◆ WORK INSTRUCTION: Copy out each line of the data that contains "integral".
━━━ INFORMATION SUPPLIED ━━━
(* Let $0\le \alpha<2n$, $1<p_1,p_2<\infty$, $\frac1p=\frac1{p_1}+\frac1{p_2}$, $\frac1q=\frac1p-\frac{\alpha}{n}$, and suppose $q\ge p_2$. Let $w_1,w_2,v$ be weights on $\mathbb{R}^n$ and set $\sigma_i=w_i^{1-p_i'}$, $i=1,2$. Let \[ [\vec{w},v]_{S_{\vec{P},q}}:=\sup_{Q}\frac{\left(\int_{Q}\mathcal{M}_\alpha(\sigma_1 1_Q,\sigma_2 1_Q)^q\, v\,dx\right)^{1/q}}{\sigma_1(Q)^{1/p_1}\sigma_2(Q)^{1/p_2}}, \] supremum over all cubes $Q\subset\mathbb{R}^n$. Then for every dyadic grid $\mathscr{D}$, every $R\in\mathscr{D}$ and every function $f$ with $\operatorname{supp} f\subset R$, \[ \|1_R\,\mathcal{M}_\alpha^{\mathscr{D}}(1_R\sigma_1, f\sigma_2)\|_{L^q(v)}\le C\,[\vec{w},v]_{S_{\vec{P},q}}\,\sigma_1(R)^{1/p_1}\|f\|_{L^{p_2}(\sigma_2)}, \] where $C$ depends only on $n,\alpha,p_1,p_2$.
   Context: A weight is a non-negative locally integrable function on $\mathbb{R}^n$; $L^p(w)=L^p(\mathbb{R}^n,w\,dx)$, $\sigma(Q)=\int_Q\sigma$, and $p'$ is the dual exponent. A dyadic grid $\mathscr{D}$ is a collection of cubes such that (i) each $Q\in\mathscr{D}$ has sidelength $2^k$ for some $k\in\mathbb{Z}$; (ii) $Q\cap R\in\{Q,R,\emptyset\}$ for all $Q,R\in\mathscr{D}$; (iii) for each $k$, the cubes of sidelength $2^k$ partition $\mathbb{R}^n$. The bilinear fractional maximal operator is $\mathcal{M}_\alpha(f_1,f_2)(x)=\sup_{Q\ni x}\prod_{i=1}^2\frac{1}{|Q|^{1-\alpha/(2n)}}\int_Q|f_i|$ (supremum over all cubes containing $x$), and its dyadic version $\mathcal{M}^{\mathscr{D}}_\alpha$ is defined the same way with the supremum restricted to cubes $Q\in\mathscr{D}$ containing $x$. *)

theory Defs
  imports "HOL-Analysis.Analysis"
begin

(* Dimension n = CARD('n); points of R^n are vectors real^'n. *)

(* Real power of an extended nonnegative real, for positive exponents r:
   \<infinity>^r = \<infinity>, and x^r the usual real power for finite x (0^r = 0). *)
definition epowr :: "ennreal \<Rightarrow> real \<Rightarrow> ennreal" where
  "epowr x r = (if x = top then top else ennreal (enn2real x powr r))"

definition cube_at :: "real^'n \<Rightarrow> real \<Rightarrow> (real^'n) set" where
  "cube_at a l = {x. \<forall>i. a$i \<le> x$i \<and> x$i < a$i + l}"

definition is_cube :: "(real^'n) set \<Rightarrow> bool" where
  "is_cube Q \<longleftrightarrow> (\<exists>a l. 0 < l \<and> Q = cube_at a l)"

definition dyadic_size_cube :: "int \<Rightarrow> (real^'n) set \<Rightarrow> bool" where
  "dyadic_size_cube k Q \<longleftrightarrow> (\<exists>a. Q = cube_at a (2 powi k))"

definition dyadic_grid :: "(real^'n) set set \<Rightarrow> bool" where
  "dyadic_grid D \<longleftrightarrow>
     (\<forall>Q\<in>D. \<exists>k::int. dyadic_size_cube k Q) \<and>
     (\<forall>Q\<in>D. \<forall>R\<in>D. Q \<inter> R = Q \<or> Q \<inter> R = R \<or> Q \<inter> R = {}) \<and>
     (\<forall>k::int. \<forall>x. \<exists>!Q. Q \<in> D \<and> dyadic_size_cube k Q \<and> x \<in> Q)"

definition weight :: "(real^'n \<Rightarrow> real) \<Rightarrow> bool" where
  "weight w \<longleftrightarrow> w \<in> borel_measurable lebesgue \<and> (\<forall>x. 0 \<le> w x) \<and>
     (\<forall>K. compact K \<longrightarrow> set_integrable lebesgue K w)"

definition wmeas :: "(real^'n \<Rightarrow> real) \<Rightarrow> (real^'n) set \<Rightarrow> ennreal" where
  "wmeas w Q = (\<integral>\<^sup>+ x\<in>Q. ennreal (w x) \<partial>lebesgue)"

definition frac_avg :: "real \<Rightarrow> (real^'n) set \<Rightarrow> (real^'n \<Rightarrow> real) \<Rightarrow> ennreal" where
  "frac_avg \<alpha> Q f = (\<integral>\<^sup>+ x\<in>Q. ennreal \<bar>f x\<bar> \<partial>lebesgue)
      / ennreal (measure lebesgue Q powr (1 - \<alpha> / (2 * real CARD('n))))"

definition bmax_frac :: "real \<Rightarrow> (real^'n \<Rightarrow> real) \<Rightarrow> (real^'n \<Rightarrow> real) \<Rightarrow> real^'n \<Rightarrow> ennreal" where
  "bmax_frac \<alpha> f1 f2 x = (SUP Q\<in>{Q. is_cube Q \<and> x \<in> Q}. frac_avg \<alpha> Q f1 * frac_avg \<alpha> Q f2)"

definition bmax_frac_dyadic :: "(real^'n) set set \<Rightarrow> real \<Rightarrow> (real^'n \<Rightarrow> real) \<Rightarrow> (real^'n \<Rightarrow> real) \<Rightarrow> real^'n \<Rightarrow> ennreal" where
  "bmax_frac_dyadic D \<alpha> f1 f2 x = (SUP Q\<in>{Q. Q \<in> D \<and> x \<in> Q}. frac_avg \<alpha> Q f1 * frac_avg \<alpha> Q f2)"

definition testing_const :: "real \<Rightarrow> real \<Rightarrow> real \<Rightarrow> real \<Rightarrow> (real^'n \<Rightarrow> real) \<Rightarrow> (real^'n \<Rightarrow> real)
     \<Rightarrow> (real^'n \<Rightarrow> real) \<Rightarrow> ennreal" where
  "testing_const \<alpha> p1 p2 q \<sigma>1 \<sigma>2 v =
     (SUP Q\<in>{Q. is_cube Q}.
        epowr (\<integral>\<^sup>+ x\<in>Q. epowr (bmax_frac \<alpha> (\<lambda>y. \<sigma>1 y * indicator Q y) (\<lambda>y. \<sigma>2 y * indicator Q y) x) q
                            * ennreal (v x) \<partial>lebesgue) (1/q)
        / (epowr (wmeas \<sigma>1 Q) (1/p1) * epowr (wmeas \<sigma>2 Q) (1/p2)))"

definition wLp_norm :: "real \<Rightarrow> (real^'n \<Rightarrow> real) \<Rightarrow> (real^'n \<Rightarrow> real) \<Rightarrow> ennreal" where
  "wLp_norm p w f = epowr (\<integral>\<^sup>+ x. ennreal (\<bar>f x\<bar> powr p * w x) \<partial>lebesgue) (1/p)"

definition dual_exp :: "real \<Rightarrow> real" where
  "dual_exp p = p / (p - 1)"

end

theory Submission
  imports Defs
begin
━━━
◆ WRITTEN SOLUTION:
  "wmeas w Q = (\<integral>\<^sup>+ x\<in>Q. ennreal (w x) \<partial>lebesgue)"
  "frac_avg \<alpha> Q f = (\<integral>\<^sup>+ x\<in>Q. ennreal \<bar>f x\<bar> \<partial>lebesgue)
        epowr (\<integral>\<^sup>+ x\<in>Q. epowr (bmax_frac \<alpha> (\<lambda>y. \<sigma>1 y * indicator Q y) (\<lambda>y. \<sigma>2 y * indicator Q y) x) q
  "wLp_norm p w f = epowr (\<integral>\<^sup>+ x. ennreal (\<bar>f x\<bar> powr p * w x) \<partial>lebesgue) (1/p)"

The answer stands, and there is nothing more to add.